Subramanian Sandeep, Chaparala Srilakshmi, Avali Viji, Ganapathiraju Madhavi K
Language Technologies Institute, Carnegie Mellon University, Pittsburgh, PA, 15213, USA.
Department of Biomedical Informatics, University of Pittsburgh, 5607 Baum Blvd, Suite 522, Pittsburgh, PA, 15206, USA.
BMC Med Genomics. 2016 Dec 5;9(Suppl 3):73. doi: 10.1186/s12920-016-0232-3.

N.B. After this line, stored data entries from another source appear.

definition consistent_cut :: "'e set \<Rightarrow> ('e \<times> 'e) set \<Rightarrow> 'e set \<Rightarrow> bool" where
  "consistent_cut E G C \<longleftrightarrow> C \<subseteq> E \<and> (\<forall>u v. (u, v) \<in> G \<longrightarrow> v \<in> C \<longrightarrow> u \<in> C)"

definition frontier :: "'e set \<Rightarrow> ('e \<times> 'e) set \<Rightarrow> 'e set \<Rightarrow> 'e set" where
  "frontier E ord C = {e \<in> C. e \<notin> Top E ord \<longrightarrow> succ_ev ord e \<notin> C}"

definition consistent_in ::
  "'e set \<Rightarrow> ('e \<times> 'e) set \<Rightarrow> ('e \<times> 'e) set \<Rightarrow> 'e \<Rightarrow> 'e \<Rightarrow> bool" where
  "consistent_in E ord G e f \<longleftrightarrow>
     (\<exists>C. consistent_cut E G C \<and> e \<in> frontier E ord C \<and> f \<in> frontier E ord C)"

definition ckpt_pred ::
  "'p set \<Rightarrow> ('e \<Rightarrow> 'p) \<Rightarrow> ('e \<times> 'e) set \<Rightarrow> 'e set \<Rightarrow> 'e set \<Rightarrow> bool" where
  "ckpt_pred P proc ord LC C \<longleftrightarrow>
     (\<forall>p\<in>P. \<exists>e\<in>C. proc e = p \<and> (\<forall>f\<in>C. proc f = p \<longrightarrow> f = e \<or> (f, e) \<in> ord) \<and> e \<in> LC)"

definition is_slice ::
  "'e set \<Rightarrow> ('e \<times> 'e) set \<Rightarrow> ('e set \<Rightarrow> bool) \<Rightarrow> ('e \<times> 'e) set \<Rightarrow> bool" where
  "is_slice E R b S \<longleftrightarrow>
     S \<subseteq> E \<times> E \<and>
     (\<forall>C. consistent_cut E R C \<and> b C \<longrightarrow> consistent_cut E S C) \<and>
     (\<forall>S'. S' \<subseteq> E \<times> E \<and> (\<forall>C. consistent_cut E R C \<and> b C \<longrightarrow> consistent_cut E S' C) \<longrightarrow>
        card {C. consistent_cut E S C} \<le> card {C. consistent_cut E S' C})"

end

theory Submission
  imports Defs
begin

text \<open>The checkpoint predicate is regular: the consistent cuts satisfying it are closed under
union and intersection, because on every process the last event of \<open>C \<union> D\<close> (resp.
\<open>C \<inter> D\<close>) is the later (resp. earlier) of the last events of \<open>C\<close> and \<open>D\<close>. Hence these cuts,
together with the trivial cuts \<open>{}\<close> and \<open>E\<close>, form a finite lattice of sets, which is exactly
the set of consistent cuts of the graph having an edge \<open>(u, v)\<close> whenever every member
containing \<open>v\<close> contains \<open>u\<close>; by minimality, these are precisely the consistent cuts of the
slice. If every pair \<open>x, y \<in> X\<close> is consistent in the slice, there is a checkpoint cut
\<open>C\<^sub>x\<^sub>y\<close> containing \<open>x\<close> but not the successor of \<open>y\<close>; then \<open>\<Union>\<^sub>x \<Inter>\<^sub>y C\<^sub>x\<^sub>y\<close> is a checkpoint cut whose frontier
contains all of \<open>X\<close>.\<close>

lemma finite_Inter_mem:
  assumes "finite F" "F \<noteq> {}" "F \<subseteq> L" "\<And>A B. A \<in> L \<Longrightarrow> B \<in> L \<Longrightarrow> A \<inter> B \<in> L"
  shows "\<Inter>F \<in> L"
  using assms(1-3) by (induction F rule: finite_ne_induct) (auto intro: assms(4))

lemma finite_Union_mem:
  assumes "finite F" "F \<noteq> {}" "F \<subseteq> L" "\<And>A B. A \<in> L \<Longrightarrow> B \<in> L \<Longrightarrow> A \<union> B \<in> L"
  shows "\<Union>F \<in> L"
  using assms(1-3) by (induction F rule: finite_ne_induct) (auto intro: assms(4))

lemma Union_Inter_separates:
  assumes "finite X" "X \<noteq> {}"
    and Int: "\<And>A B. A \<in> L \<Longrightarrow> B \<in> L \<Longrightarrow> A \<inter> B \<in> L"
    and Un: "\<And>A B. A \<in> L \<Longrightarrow> B \<in> L \<Longrightarrow> A \<union> B \<in> L"
    and sep: "\<And>x y. x \<in> X \<Longrightarrow> y \<in> X \<Longrightarrow> \<exists>C\<in>L. x \<in> C \<and> s y \<notin> C"
  shows "\<exists>C\<in>L. X \<subseteq> C \<and> (\<forall>y\<in>X. s y \<notin> C)"
proof -
  obtain Sep where Sep: "\<And>x y. x \<in> X \<Longrightarrow> y \<in> X \<Longrightarrow> Sep x y \<in> L \<and> x \<in> Sep x y \<and> s y \<notin> Sep x y"
    using sep by metis
  define C where "C = (\<Union>x\<in>X. \<Inter>y\<in>X. Sep x y)"
  have "(\<Inter>y\<in>X. Sep x y) \<in> L" if "x \<in> X" for x
    using assms(1,2) Sep that by (intro finite_Inter_mem[OF _ _ _ Int]) auto
  then have "C \<in> L"
    unfolding C_def using assms(1,2) by (intro finite_Union_mem[OF _ _ _ Un]) auto
  moreover have "X \<subseteq> C" "\<forall>y\<in>X. s y \<notin> C"
    unfolding C_def using Sep by blast+
  ultimately show ?thesis by blast
qed

lemma consistent_cut_rtrancl_closed:
  assumes "consistent_cut E G C" "(a, b) \<in> G\<^sup>*" "b \<in> C"
  shows "a \<in> C"
  using assms(2,3)
proof (induction rule: converse_rtrancl_induct)
  case (step y z)
  then show ?case using assms(1) unfolding consistent_cut_def by blast
qed

lemma consistent_cut_Int:
  "consistent_cut E G C \<Longrightarrow> consistent_cut E G D \<Longrightarrow> consistent_cut E G (C \<inter> D)"
  unfolding consistent_cut_def by blast

lemma consistent_cut_Un:
  "consistent_cut E G C \<Longrightarrow> consistent_cut E G D \<Longrightarrow> consistent_cut E G (C \<union> D)"
  unfolding consistent_cut_def by blast

lemma consistent_cut_trivial:
  assumes "G \<subseteq> E \<times> E"
  shows "consistent_cut E G {}" "consistent_cut E G E"
  using assms unfolding consistent_cut_def by auto

text \<open>Birkhoff's representation: a down-set \<open>D\<close> of the graph \<open>G\<close> below is the union of the
least members \<open>\<Inter>{C \<in> L. v \<in> C}\<close> of \<open>L\<close> over \<open>v \<in> D\<close>.\<close>

lemma lattice_of_sets_is_consistent_cuts:
  assumes "finite E" "L \<subseteq> Pow E" "{} \<in> L" "E \<in> L"
    and Int: "\<And>A B. A \<in> L \<Longrightarrow> B \<in> L \<Longrightarrow> A \<inter> B \<in> L"
    and Un: "\<And>A B. A \<in> L \<Longrightarrow> B \<in> L \<Longrightarrow> A \<union> B \<in> L"
  shows "\<exists>G \<subseteq> E \<times> E. {C. consistent_cut E G C} = L"
proof -
  define G where "G = {(u, v). u \<in> E \<and> v \<in> E \<and> (\<forall>C\<in>L. v \<in> C \<longrightarrow> u \<in> C)}"
  have "D \<in> L" if D: "consistent_cut E G D" for D
  proof (cases "D = {}")
    case False
    define least where "least v = \<Inter>{C \<in> L. v \<in> C}" for v
    have DE: "D \<subseteq> E" using D unfolding consistent_cut_def by auto
    have "finite L" using assms(1,2) by (meson finite_Pow_iff finite_subset)
    then have least_mem: "least v \<in> L" if "v \<in> E" for v
      unfolding least_def using that \<open>E \<in> L\<close> by (intro finite_Inter_mem[OF _ _ _ Int]) auto
    have "least v \<subseteq> D" if "v \<in> D" for v
    proof
      fix u assume "u \<in> least v"
      then have "(u, v) \<in> G" using that DE \<open>E \<in> L\<close> unfolding least_def G_def by blast
      then show "u \<in> D" using D that unfolding consistent_cut_def by blast
    qed
    then have "D = (\<Union>v\<in>D. least v)" unfolding least_def by blast
    also have "\<dots> \<in> L"
      using False DE least_mem finite_subset[OF DE assms(1)]
      by (intro finite_Union_mem[OF _ _ _ Un]) auto
    finally show ?thesis .
  qed (use assms(3) in simp)
  moreover have "consistent_cut E G C" if "C \<in> L" for C
    using that assms(2) unfolding consistent_cut_def G_def by auto
  ultimately have "{C. consistent_cut E G C} = L" by blast
  moreover have "G \<subseteq> E \<times> E" unfolding G_def by auto
  ultimately show ?thesis by blast
qed

lemma is_slice_consistent_cut:
  assumes "is_slice E R b S" "consistent_cut E R C" "b C"
  shows "consistent_cut E S C"
  using assms unfolding is_slice_def by simp

lemma slice_consistent_cuts:
  assumes "finite E" "is_slice E R b S"
    and Int: "\<And>C D. consistent_cut E R C \<Longrightarrow> b C \<Longrightarrow> consistent_cut E R D \<Longrightarrow> b D \<Longrightarrow> b (C \<inter> D)"
    and Un: "\<And>C D. consistent_cut E R C \<Longrightarrow> b C \<Longrightarrow> consistent_cut E R D \<Longrightarrow> b D \<Longrightarrow> b (C \<union> D)"
  shows "{C. consistent_cut E S C} = {C. consistent_cut E R C \<and> b C} \<union> {{}, E}"
proof -
  define L where "L = {C. consistent_cut E R C \<and> b C} \<union> {{}, E}"
  have "L \<subseteq> Pow E" unfolding L_def consistent_cut_def by auto
  have "A \<inter> B \<in> L" "A \<union> B \<in> L" if "A \<in> L" "B \<in> L" for A B
  proof -
    have "A \<subseteq> E" "B \<subseteq> E" using that \<open>L \<subseteq> Pow E\<close> by auto
    then show "A \<inter> B \<in> L" "A \<union> B \<in> L"
      using that Int Un consistent_cut_Int consistent_cut_Un unfolding L_def
      by (auto simp: Int_absorb1 Int_absorb2 Un_absorb1 Un_absorb2)
  qed
  with assms(1) \<open>L \<subseteq> Pow E\<close> obtain G where G: "G \<subseteq> E \<times> E" "{C. consistent_cut E G C} = L"
    using lattice_of_sets_is_consistent_cuts[of E L] unfolding L_def by auto
  have SE: "S \<subseteq> E \<times> E" and minimal: "\<And>S'. S' \<subseteq> E \<times> E \<Longrightarrow> \<forall>C. consistent_cut E R C \<and> b C \<longrightarrow> consistent_cut E S' C \<Longrightarrow>
        card {C. consistent_cut E S C} \<le> card {C. consistent_cut E S' C}"
    using assms(2) unfolding is_slice_def by blast+
  have "L \<subseteq> {C. consistent_cut E S C}"
    using is_slice_consistent_cut[OF assms(2)] consistent_cut_trivial[OF SE] unfolding L_def by auto
  moreover have "finite {C. consistent_cut E S C}"
    using assms(1) by (auto simp: consistent_cut_def intro: finite_subset[of _ "Pow E"])
  moreover have "card {C. consistent_cut E S C} \<le> card L"
    using minimal[OF G(1)] G(2) unfolding L_def by (metis (no_types, lifting) Un_iff mem_Collect_eq)
  ultimately have "L = {C. consistent_cut E S C}"
    using card_seteq by blast
  then show ?thesis unfolding L_def ..
qed

lemma computation_order:
  assumes "computation E R P proc ord M"
  shows "finite E" "ord \<subseteq> E \<times> E" "irrefl ord" "trans ord"
  using assms unfolding computation_def by simp_all

lemma computation_ord_total:
  assumes "computation E R P proc ord M" "e \<in> E" "f \<in> E" "proc e = proc f"
  shows "e = f \<or> (e, f) \<in> ord \<or> (f, e) \<in> ord"
  using assms unfolding computation_def by simp

lemma computation_ord_cut_closed:
  assumes "computation E R P proc ord M" "consistent_cut E R C" "(a, b) \<in> ord" "b \<in> C"
  shows "a \<in> C"
proof -
  have "(a, b) \<in> happened_before ord M" unfolding happened_before_def using assms(3) by auto
  then have "(a, b) \<in> R\<^sup>*" using assms(1) unfolding computation_def by blast
  then show ?thesis using consistent_cut_rtrancl_closed assms(2,4) by metis
qed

DNA palindromes are a unique pattern of repeat sequences that are present in the human genome. It consists of a sequence of nucleotides in which the second half is the complement of the first half but appearing in reverse order. These palindromic sequences may have a significant role in DNA replication, transcription and gene regulation processes. They occur frequently in human cancers by clustering at specific locations of the genome that undergo gene amplification and tumorigenesis. Moreover, some studies showed that palindromes are clustered in amplified regions of breast cancer genomes especially in chromosomes (chr) 8 and 11. With the large number of personal genomes and cancer genomes becoming available, it is now possible to study their association to diseases using computational methods. Here, we conducted a pilot study on chromosomes 8 and 11 of cancer genomes to identify computationally the differentially occurring palindromes.
We processed 69 breast cancer genomes from The Cancer Genome Atlas including serum-normal and tumor genomes, and 1000 Genomes to serve as control group. The Biological Language Modelling Toolkit (BLMT) computes palindromes in whole genomes. We developed a computational pipeline integrating BLMT to compute and compare prevalence of palindromes in personal genomes.
We carried out a pilot study on chr 8 and chr 11 taking into account single nucleotide polymorphisms, insertions and deletions. Of all the palindromes that showed any variation in cancer genomes, 38% of what were near breast cancer genes happened to be the most differentiated palindromes in tumor (i.e. they ranked among the top 25% by our heuristic measure).
These results will shed light on the prevalence of palindromes in oncogenes and the mutations that are present in the palindromic regions that could contribute to genomic rearrangements, and breast cancer progression.
DNA回文序列是人类基因组中存在的一种独特的重复序列模式。它由一系列核苷酸组成,其中后半部分是前半部分的互补序列,但顺序相反。这些回文序列可能在DNA复制、转录和基因调控过程中发挥重要作用。它们通过聚集在经历基因扩增和肿瘤发生的基因组特定位置而频繁出现在人类癌症中。此外,一些研究表明,回文序列聚集在乳腺癌基因组的扩增区域,尤其是在8号和11号染色体上。随着大量个人基因组和癌症基因组的可得性增加,现在可以使用计算方法研究它们与疾病的关联。在这里,我们对癌症基因组的8号和11号染色体进行了一项初步研究,以通过计算识别差异出现的回文序列。
我们处理了来自癌症基因组图谱的69个乳腺癌基因组,包括血清正常和肿瘤基因组,以及1000个基因组作为对照组。生物语言建模工具包(BLMT)计算全基因组中的回文序列。我们开发了一个整合BLMT的计算流程,以计算和比较个人基因组中回文序列的发生率。
我们在考虑单核苷酸多态性、插入和缺失的情况下,对8号和11号染色体进行了初步研究。在所有在癌症基因组中显示出任何变异的回文序列中,靠近乳腺癌基因的回文序列中有38%恰好是肿瘤中最具差异的回文序列(即根据我们的启发式测量,它们排名在前25%)。
这些结果将阐明癌基因中回文序列的发生率以及回文区域中可能导致基因组重排和乳腺癌进展的突变。